### [Records shown]
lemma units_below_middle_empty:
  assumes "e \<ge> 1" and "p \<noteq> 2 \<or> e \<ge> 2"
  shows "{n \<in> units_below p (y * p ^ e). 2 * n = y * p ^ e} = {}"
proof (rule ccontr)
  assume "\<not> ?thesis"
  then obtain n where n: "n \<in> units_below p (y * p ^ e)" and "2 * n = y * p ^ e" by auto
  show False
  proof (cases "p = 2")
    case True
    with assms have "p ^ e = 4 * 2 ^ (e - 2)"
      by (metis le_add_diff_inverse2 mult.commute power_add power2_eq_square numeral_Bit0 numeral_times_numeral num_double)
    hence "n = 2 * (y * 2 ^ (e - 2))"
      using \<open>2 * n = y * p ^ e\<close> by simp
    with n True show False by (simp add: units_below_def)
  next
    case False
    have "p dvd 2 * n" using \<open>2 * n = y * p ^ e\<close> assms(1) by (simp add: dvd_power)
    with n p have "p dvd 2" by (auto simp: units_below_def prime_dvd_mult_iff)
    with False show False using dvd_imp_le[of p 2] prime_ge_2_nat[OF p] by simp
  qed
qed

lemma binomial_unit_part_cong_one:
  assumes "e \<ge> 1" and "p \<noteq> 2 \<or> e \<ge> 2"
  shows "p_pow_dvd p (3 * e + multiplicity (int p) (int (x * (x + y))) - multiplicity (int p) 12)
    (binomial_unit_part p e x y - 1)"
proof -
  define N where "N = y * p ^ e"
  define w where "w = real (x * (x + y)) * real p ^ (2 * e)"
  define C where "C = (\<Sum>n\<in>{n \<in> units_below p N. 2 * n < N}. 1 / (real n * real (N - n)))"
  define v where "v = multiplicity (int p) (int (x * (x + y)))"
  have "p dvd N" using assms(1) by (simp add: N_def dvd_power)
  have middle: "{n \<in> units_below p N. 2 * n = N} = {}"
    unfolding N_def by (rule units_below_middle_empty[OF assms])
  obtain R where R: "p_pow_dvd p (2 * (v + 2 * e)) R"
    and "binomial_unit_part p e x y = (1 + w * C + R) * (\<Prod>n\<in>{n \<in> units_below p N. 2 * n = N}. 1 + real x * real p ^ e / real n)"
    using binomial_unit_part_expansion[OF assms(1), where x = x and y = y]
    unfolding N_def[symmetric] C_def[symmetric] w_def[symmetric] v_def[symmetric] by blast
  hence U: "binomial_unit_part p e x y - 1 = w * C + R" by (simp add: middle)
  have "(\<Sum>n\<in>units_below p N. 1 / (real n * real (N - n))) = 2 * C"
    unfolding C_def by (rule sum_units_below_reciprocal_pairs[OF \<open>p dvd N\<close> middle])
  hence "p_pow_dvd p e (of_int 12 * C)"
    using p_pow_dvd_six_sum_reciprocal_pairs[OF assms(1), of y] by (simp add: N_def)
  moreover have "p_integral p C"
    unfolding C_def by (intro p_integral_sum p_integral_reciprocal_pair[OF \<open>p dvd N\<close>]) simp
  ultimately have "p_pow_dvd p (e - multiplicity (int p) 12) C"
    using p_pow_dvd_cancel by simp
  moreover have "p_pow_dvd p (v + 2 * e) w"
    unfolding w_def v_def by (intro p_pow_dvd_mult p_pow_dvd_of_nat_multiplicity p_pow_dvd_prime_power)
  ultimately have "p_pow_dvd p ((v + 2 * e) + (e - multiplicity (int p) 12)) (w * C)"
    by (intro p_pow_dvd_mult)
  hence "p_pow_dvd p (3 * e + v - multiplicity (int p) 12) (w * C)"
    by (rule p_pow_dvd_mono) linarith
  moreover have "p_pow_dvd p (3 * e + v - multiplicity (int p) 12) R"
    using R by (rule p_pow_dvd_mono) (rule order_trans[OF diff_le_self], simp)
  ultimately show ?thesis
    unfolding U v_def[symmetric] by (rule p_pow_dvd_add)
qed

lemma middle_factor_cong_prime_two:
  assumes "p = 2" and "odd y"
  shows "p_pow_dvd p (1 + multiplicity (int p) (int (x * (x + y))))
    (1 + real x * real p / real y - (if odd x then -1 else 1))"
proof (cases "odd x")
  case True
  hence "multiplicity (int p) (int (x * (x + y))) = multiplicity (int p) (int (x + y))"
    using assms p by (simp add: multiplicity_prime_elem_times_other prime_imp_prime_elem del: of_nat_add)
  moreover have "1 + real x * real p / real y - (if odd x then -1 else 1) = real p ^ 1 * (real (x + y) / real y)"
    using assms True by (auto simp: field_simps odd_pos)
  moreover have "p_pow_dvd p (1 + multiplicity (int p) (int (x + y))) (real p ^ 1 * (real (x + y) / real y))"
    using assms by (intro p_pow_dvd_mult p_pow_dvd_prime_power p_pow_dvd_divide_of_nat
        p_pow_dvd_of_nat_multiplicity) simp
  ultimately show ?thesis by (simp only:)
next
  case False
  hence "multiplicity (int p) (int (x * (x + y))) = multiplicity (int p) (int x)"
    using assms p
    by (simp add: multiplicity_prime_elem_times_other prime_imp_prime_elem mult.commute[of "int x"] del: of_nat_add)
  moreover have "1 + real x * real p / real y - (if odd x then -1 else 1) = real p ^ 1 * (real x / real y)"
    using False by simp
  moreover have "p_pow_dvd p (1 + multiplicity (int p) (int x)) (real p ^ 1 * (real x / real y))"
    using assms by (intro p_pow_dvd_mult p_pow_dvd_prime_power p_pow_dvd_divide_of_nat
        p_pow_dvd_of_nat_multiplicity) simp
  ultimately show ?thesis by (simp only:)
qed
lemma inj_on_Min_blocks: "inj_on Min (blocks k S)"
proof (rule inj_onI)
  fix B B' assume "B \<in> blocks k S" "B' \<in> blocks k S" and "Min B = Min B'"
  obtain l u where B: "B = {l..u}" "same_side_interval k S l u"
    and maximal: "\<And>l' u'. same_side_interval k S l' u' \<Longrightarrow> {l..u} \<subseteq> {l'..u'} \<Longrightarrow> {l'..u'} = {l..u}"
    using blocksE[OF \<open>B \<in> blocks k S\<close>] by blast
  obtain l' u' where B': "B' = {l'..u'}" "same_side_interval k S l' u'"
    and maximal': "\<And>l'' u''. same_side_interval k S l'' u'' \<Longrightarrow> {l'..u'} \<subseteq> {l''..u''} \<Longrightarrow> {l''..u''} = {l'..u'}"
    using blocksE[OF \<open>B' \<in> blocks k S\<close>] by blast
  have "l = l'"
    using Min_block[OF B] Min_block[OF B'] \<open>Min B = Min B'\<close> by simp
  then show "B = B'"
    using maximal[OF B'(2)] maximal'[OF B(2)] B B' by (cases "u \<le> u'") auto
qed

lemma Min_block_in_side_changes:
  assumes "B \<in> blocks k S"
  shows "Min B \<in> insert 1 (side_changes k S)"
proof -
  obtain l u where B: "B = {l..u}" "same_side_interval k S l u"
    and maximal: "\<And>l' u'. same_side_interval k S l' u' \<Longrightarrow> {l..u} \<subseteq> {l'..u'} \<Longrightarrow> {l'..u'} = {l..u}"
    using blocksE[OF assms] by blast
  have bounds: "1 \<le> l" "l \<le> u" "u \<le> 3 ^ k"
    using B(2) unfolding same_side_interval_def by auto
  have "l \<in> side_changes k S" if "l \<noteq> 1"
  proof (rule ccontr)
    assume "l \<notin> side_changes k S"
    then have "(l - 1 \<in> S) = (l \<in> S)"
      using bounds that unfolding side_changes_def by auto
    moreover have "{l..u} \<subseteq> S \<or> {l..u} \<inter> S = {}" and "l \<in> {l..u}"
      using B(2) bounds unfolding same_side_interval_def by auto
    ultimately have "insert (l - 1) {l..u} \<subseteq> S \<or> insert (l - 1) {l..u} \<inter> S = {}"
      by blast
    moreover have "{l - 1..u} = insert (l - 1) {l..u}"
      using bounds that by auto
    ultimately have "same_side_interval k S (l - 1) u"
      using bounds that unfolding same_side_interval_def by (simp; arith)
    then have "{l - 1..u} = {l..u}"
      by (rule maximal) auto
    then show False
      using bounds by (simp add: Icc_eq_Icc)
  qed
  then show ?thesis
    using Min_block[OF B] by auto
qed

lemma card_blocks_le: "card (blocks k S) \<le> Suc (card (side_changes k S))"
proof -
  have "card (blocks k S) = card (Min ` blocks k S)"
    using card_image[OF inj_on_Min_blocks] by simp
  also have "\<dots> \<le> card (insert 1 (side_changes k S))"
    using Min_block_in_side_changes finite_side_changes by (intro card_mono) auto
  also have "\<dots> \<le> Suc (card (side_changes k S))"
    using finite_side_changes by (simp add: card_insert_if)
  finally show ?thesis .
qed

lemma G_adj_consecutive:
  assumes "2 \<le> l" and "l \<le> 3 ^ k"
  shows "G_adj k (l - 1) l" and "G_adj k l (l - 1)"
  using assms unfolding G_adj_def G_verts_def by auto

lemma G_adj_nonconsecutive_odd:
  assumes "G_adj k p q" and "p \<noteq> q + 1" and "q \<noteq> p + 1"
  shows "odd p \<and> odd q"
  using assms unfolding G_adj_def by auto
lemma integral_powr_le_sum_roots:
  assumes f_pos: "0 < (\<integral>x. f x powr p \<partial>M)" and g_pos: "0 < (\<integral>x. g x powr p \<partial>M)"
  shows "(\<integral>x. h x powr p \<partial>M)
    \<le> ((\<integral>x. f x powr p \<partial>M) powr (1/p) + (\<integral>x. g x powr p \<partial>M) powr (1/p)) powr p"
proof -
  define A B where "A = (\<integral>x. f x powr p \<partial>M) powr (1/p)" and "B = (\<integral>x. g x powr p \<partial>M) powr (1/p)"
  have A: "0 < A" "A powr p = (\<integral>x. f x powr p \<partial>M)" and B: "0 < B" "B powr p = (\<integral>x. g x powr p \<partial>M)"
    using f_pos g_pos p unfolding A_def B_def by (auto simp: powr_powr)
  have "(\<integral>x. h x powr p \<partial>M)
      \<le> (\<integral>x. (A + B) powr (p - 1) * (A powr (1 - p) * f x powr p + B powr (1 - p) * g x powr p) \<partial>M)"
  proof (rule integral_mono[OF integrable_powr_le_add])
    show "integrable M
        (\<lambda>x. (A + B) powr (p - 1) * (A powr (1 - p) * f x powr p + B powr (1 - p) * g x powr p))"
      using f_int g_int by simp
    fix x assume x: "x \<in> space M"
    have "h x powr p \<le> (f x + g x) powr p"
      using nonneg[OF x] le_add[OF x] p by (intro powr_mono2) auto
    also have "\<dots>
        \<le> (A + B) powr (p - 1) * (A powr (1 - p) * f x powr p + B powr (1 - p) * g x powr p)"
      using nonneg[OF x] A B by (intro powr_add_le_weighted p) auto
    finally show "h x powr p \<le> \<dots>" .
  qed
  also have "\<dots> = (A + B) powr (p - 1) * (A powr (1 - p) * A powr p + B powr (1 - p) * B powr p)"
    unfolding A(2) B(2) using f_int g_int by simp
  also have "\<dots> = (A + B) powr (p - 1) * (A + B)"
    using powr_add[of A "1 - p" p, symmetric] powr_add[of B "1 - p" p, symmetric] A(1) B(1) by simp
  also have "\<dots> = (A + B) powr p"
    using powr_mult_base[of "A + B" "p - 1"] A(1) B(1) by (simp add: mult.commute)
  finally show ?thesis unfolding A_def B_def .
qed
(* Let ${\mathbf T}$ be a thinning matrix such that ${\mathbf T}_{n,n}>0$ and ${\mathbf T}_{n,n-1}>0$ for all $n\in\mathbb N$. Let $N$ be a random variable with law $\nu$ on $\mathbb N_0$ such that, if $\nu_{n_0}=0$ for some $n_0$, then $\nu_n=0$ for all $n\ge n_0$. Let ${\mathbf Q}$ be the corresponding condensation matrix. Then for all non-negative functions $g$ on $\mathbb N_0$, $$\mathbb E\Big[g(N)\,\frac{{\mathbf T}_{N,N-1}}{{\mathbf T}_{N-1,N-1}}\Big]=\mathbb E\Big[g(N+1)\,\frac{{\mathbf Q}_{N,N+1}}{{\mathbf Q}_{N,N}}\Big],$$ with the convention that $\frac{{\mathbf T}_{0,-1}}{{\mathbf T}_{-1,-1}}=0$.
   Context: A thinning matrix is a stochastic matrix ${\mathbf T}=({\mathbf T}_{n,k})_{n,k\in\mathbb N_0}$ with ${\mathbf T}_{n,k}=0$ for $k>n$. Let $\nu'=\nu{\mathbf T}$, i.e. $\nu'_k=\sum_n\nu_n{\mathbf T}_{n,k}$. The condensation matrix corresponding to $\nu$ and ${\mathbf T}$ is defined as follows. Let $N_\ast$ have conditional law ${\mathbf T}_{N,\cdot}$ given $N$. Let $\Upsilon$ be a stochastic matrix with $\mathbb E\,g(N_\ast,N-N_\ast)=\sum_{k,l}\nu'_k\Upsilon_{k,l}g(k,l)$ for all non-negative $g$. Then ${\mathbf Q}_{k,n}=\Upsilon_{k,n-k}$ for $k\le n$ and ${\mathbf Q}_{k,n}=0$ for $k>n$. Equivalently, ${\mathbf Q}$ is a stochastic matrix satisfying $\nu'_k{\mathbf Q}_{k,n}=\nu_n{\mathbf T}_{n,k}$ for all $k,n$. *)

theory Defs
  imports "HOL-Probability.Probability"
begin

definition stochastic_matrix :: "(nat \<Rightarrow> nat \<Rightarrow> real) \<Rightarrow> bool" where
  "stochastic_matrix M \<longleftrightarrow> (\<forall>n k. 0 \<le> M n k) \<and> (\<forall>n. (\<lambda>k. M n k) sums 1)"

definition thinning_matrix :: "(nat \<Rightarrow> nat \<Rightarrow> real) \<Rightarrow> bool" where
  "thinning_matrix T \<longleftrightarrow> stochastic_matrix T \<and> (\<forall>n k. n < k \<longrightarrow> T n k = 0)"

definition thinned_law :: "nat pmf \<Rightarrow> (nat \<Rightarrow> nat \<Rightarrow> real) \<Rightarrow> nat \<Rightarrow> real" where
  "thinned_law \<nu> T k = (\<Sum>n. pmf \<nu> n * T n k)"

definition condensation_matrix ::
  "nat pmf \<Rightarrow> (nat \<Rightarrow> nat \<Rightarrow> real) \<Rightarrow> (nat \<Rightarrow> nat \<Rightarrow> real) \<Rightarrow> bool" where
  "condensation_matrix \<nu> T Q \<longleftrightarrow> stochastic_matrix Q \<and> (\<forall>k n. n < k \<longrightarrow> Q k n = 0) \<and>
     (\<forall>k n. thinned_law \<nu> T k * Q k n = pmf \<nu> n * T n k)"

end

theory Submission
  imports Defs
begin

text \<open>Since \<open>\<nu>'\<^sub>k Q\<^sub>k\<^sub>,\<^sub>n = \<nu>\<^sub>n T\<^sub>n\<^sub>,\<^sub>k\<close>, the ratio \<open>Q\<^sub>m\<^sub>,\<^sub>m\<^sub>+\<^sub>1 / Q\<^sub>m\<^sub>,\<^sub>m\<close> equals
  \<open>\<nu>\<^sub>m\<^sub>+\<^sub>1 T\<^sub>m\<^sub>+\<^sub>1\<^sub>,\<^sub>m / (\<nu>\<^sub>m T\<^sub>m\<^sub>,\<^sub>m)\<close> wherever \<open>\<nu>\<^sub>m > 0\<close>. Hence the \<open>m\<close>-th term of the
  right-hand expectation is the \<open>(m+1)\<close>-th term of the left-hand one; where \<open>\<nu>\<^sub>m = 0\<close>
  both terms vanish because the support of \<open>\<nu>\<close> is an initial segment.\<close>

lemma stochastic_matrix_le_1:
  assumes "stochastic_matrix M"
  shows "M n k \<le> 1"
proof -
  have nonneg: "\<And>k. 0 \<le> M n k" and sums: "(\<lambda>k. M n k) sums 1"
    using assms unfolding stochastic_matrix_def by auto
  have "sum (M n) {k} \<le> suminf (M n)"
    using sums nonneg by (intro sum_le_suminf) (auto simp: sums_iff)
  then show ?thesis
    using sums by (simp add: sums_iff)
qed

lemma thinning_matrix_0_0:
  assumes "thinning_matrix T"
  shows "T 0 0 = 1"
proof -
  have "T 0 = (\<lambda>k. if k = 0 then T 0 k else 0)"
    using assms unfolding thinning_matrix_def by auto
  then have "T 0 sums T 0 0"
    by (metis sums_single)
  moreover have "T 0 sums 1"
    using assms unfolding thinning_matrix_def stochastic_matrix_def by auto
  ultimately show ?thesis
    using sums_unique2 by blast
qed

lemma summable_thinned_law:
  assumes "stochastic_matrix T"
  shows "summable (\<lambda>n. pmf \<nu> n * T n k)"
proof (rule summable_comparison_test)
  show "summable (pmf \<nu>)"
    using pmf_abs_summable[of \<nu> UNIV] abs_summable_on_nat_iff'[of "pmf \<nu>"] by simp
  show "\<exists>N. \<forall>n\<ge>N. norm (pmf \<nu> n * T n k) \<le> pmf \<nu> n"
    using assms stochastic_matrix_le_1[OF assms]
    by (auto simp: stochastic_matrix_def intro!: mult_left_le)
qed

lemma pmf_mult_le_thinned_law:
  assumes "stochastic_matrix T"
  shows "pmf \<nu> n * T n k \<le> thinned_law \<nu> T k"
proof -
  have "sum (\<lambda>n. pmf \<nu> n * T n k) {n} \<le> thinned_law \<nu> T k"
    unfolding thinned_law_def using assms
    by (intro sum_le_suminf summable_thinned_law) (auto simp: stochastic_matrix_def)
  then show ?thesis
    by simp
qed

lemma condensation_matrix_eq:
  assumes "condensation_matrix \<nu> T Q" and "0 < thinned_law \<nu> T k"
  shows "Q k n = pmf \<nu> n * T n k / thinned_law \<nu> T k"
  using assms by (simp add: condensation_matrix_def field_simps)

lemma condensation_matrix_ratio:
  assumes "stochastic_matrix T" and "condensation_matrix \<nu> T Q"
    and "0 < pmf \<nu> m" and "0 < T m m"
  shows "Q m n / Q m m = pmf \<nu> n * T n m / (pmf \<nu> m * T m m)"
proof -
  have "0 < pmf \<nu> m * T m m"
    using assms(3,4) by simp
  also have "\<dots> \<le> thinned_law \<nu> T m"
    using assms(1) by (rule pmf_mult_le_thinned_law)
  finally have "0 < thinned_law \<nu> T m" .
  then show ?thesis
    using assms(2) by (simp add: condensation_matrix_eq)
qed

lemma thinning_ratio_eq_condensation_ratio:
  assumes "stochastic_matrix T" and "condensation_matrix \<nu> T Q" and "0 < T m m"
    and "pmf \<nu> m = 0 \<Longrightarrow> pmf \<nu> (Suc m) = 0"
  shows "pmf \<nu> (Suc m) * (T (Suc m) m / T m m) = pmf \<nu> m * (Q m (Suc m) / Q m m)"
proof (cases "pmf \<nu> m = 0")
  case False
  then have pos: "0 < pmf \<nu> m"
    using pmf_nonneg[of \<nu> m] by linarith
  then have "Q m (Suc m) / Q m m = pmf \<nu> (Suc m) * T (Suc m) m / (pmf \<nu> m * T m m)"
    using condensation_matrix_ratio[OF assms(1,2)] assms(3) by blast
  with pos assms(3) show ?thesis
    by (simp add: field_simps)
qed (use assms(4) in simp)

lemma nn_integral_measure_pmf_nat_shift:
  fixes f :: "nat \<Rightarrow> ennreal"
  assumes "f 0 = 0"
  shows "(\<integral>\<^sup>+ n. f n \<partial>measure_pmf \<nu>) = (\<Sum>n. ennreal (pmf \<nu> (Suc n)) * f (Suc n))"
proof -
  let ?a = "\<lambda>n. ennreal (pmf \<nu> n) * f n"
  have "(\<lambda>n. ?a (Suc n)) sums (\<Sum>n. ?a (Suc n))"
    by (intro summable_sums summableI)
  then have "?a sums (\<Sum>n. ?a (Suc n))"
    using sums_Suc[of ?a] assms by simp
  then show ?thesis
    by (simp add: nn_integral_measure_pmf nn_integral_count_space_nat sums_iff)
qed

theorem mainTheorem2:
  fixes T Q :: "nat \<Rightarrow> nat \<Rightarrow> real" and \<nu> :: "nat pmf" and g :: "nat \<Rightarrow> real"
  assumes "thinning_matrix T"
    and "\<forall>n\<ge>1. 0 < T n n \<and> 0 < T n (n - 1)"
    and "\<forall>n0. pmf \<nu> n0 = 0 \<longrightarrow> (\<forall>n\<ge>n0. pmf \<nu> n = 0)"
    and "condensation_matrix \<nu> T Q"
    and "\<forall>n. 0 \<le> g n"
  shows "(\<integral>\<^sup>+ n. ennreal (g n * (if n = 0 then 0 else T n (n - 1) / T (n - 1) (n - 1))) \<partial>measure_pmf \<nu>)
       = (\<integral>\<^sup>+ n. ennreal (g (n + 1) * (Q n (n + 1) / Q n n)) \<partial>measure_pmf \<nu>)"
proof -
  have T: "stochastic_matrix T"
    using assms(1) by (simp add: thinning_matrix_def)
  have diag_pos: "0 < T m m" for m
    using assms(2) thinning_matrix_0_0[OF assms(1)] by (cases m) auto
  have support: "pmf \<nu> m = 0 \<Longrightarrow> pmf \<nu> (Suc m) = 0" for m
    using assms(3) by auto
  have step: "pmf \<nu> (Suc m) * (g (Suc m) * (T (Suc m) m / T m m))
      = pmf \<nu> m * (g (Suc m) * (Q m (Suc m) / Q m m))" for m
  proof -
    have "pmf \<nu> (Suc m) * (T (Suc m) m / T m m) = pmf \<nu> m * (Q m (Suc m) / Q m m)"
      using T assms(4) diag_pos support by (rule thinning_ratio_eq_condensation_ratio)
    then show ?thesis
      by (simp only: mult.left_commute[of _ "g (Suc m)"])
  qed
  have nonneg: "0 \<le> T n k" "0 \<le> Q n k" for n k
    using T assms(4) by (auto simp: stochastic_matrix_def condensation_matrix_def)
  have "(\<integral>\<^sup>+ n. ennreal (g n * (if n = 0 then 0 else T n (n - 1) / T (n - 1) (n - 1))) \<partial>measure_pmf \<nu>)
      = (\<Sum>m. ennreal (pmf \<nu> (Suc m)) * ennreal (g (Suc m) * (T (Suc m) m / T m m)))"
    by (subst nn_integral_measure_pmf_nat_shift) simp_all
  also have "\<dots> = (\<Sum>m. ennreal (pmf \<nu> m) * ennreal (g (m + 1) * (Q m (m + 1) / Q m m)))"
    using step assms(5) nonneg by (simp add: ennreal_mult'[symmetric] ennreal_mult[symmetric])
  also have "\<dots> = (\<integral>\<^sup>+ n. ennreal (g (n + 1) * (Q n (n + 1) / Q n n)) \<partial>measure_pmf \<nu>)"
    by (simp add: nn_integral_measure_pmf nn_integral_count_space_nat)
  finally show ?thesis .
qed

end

### [Work to be completed]
Only the lines from the beginning of the entries through the line bearing "with assms have" should be returned, each exactly as written.

### [Task result]
lemma units_below_middle_empty:
  assumes "e \<ge> 1" and "p \<noteq> 2 \<or> e \<ge> 2"
  shows "{n \<in> units_below p (y * p ^ e). 2 * n = y * p ^ e} = {}"
proof (rule ccontr)
  assume "\<not> ?thesis"
  then obtain n where n: "n \<in> units_below p (y * p ^ e)" and "2 * n = y * p ^ e" by auto
  show False
  proof (cases "p = 2")
    case True
    with assms have "p ^ e = 4 * 2 ^ (e - 2)"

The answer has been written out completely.